*Work task*: Please repeat, unchanged, the lines at the top of the listing below, ending with the one that has "define r where".

*Dataset entries*:
--- START ---
lemma cdens_has_integral_over_v:
  assumes u: "u \<in> {0..1}"
  shows "((\<lambda>v. cdens \<alpha> \<beta> u v) has_integral 1) {0..1}"
proof -
  define P where "P = phi \<alpha> \<beta> u"
  define Q where "Q = P + \<beta>"
  have PQ: "P \<in> {0..1}" "Q \<in> {0..1}" "P \<le> Q"
    using phi_nonneg[of u] phi_le[of u] \<beta>_nonneg by (auto simp: P_def Q_def)
  define p where "p = FT \<alpha> \<beta> P"
  define q where "q = FT \<alpha> \<beta> Q"
  have pq: "p \<in> {0..1}" "q \<in> {0..1}" "p \<le> q"
    using PQ FT_image strict_mono_on_leD[OF strict_mono_on_FT] by (auto simp: p_def q_def)
  have FT_inv_pq: "FT_inv \<alpha> \<beta> p = P" "FT_inv \<alpha> \<beta> q = Q"
    using PQ by (simp_all add: p_def q_def FT_inv_FT)
  \<comment> \<open>c(u, v) is r v = FT_inv' v / (1 - \<beta>), except on [p, q], where (u, FT_inv v) lies in H\<close>
  define r where "r v = inverse (fT \<alpha> \<beta> (FT_inv \<alpha> \<beta> v)) / (1 - \<beta>)" for v
  have "(r has_integral (FT_inv \<alpha> \<beta> 1 - FT_inv \<alpha> \<beta> 0) / (1 - \<beta>)) {0..1}"
    unfolding r_def by (intro has_integral_divide inverse_fT_FT_inv_has_integral) auto
  moreover have "FT_inv \<alpha> \<beta> 0 = 0" "FT_inv \<alpha> \<beta> 1 = 1"
    using FT_inv_FT[of 0] FT_inv_FT[of 1] by (simp_all add: FT_0 FT_1)
  ultimately have int_r: "(r has_integral 1 / (1 - \<beta>)) {0..1}"
    by simp
  have "(r has_integral (FT_inv \<alpha> \<beta> q - FT_inv \<alpha> \<beta> p) / (1 - \<beta>)) {p..q}"
    unfolding r_def using pq by (intro has_integral_divide inverse_fT_FT_inv_has_integral) auto
  then have "(r has_integral \<beta> / (1 - \<beta>)) {p..q}"
    by (simp add: FT_inv_pq Q_def)
  then have int_band: "((\<lambda>v. if v \<in> {p..q} then r v else 0) has_integral \<beta> / (1 - \<beta>)) {0..1}"
    using pq by (subst has_integral_restrict) auto
  have "((\<lambda>v. r v - (if v \<in> {p..q} then r v else 0)) has_integral 1) {0..1}"
    using has_integral_diff[OF int_r int_band] \<beta>_less by (simp add: diff_divide_distrib[symmetric])
  then show ?thesis
  proof (rule has_integral_eq[rotated])
    fix v :: real
    assume v: "v \<in> {0..1}"
    have "(u, FT_inv \<alpha> \<beta> v) \<in> H \<alpha> \<beta> \<longleftrightarrow> P \<le> FT_inv \<alpha> \<beta> v \<and> FT_inv \<alpha> \<beta> v \<le> Q"
      using u FT_inv_mem[OF v] by (auto simp: H_def P_def Q_def)
    also have "\<dots> \<longleftrightarrow> v \<in> {p..q}"
      using FT_inv_le_iff[OF pq(1) v] FT_inv_le_iff[OF v pq(2)] by (simp add: FT_inv_pq)
    finally show "r v - (if v \<in> {p..q} then r v else 0) = cdens \<alpha> \<beta> u v"
      by (simp add: cdens_def r_def divide_inverse mult.commute)
  qed
qed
--- END ---
*Answer for this exercise*:
lemma cdens_has_integral_over_v:
  assumes u: "u \<in> {0..1}"
  shows "((\<lambda>v. cdens \<alpha> \<beta> u v) has_integral 1) {0..1}"
proof -
  define P where "P = phi \<alpha> \<beta> u"
  define Q where "Q = P + \<beta>"
  have PQ: "P \<in> {0..1}" "Q \<in> {0..1}" "P \<le> Q"
    using phi_nonneg[of u] phi_le[of u] \<beta>_nonneg by (auto simp: P_def Q_def)
  define p where "p = FT \<alpha> \<beta> P"
  define q where "q = FT \<alpha> \<beta> Q"
  have pq: "p \<in> {0..1}" "q \<in> {0..1}" "p \<le> q"
    using PQ FT_image strict_mono_on_leD[OF strict_mono_on_FT] by (auto simp: p_def q_def)
  have FT_inv_pq: "FT_inv \<alpha> \<beta> p = P" "FT_inv \<alpha> \<beta> q = Q"
    using PQ by (simp_all add: p_def q_def FT_inv_FT)
  \<comment> \<open>c(u, v) is r v = FT_inv' v / (1 - \<beta>), except on [p, q], where (u, FT_inv v) lies in H\<close>
  define r where "r v = inverse (fT \<alpha> \<beta> (FT_inv \<alpha> \<beta> v)) / (1 - \<beta>)" for v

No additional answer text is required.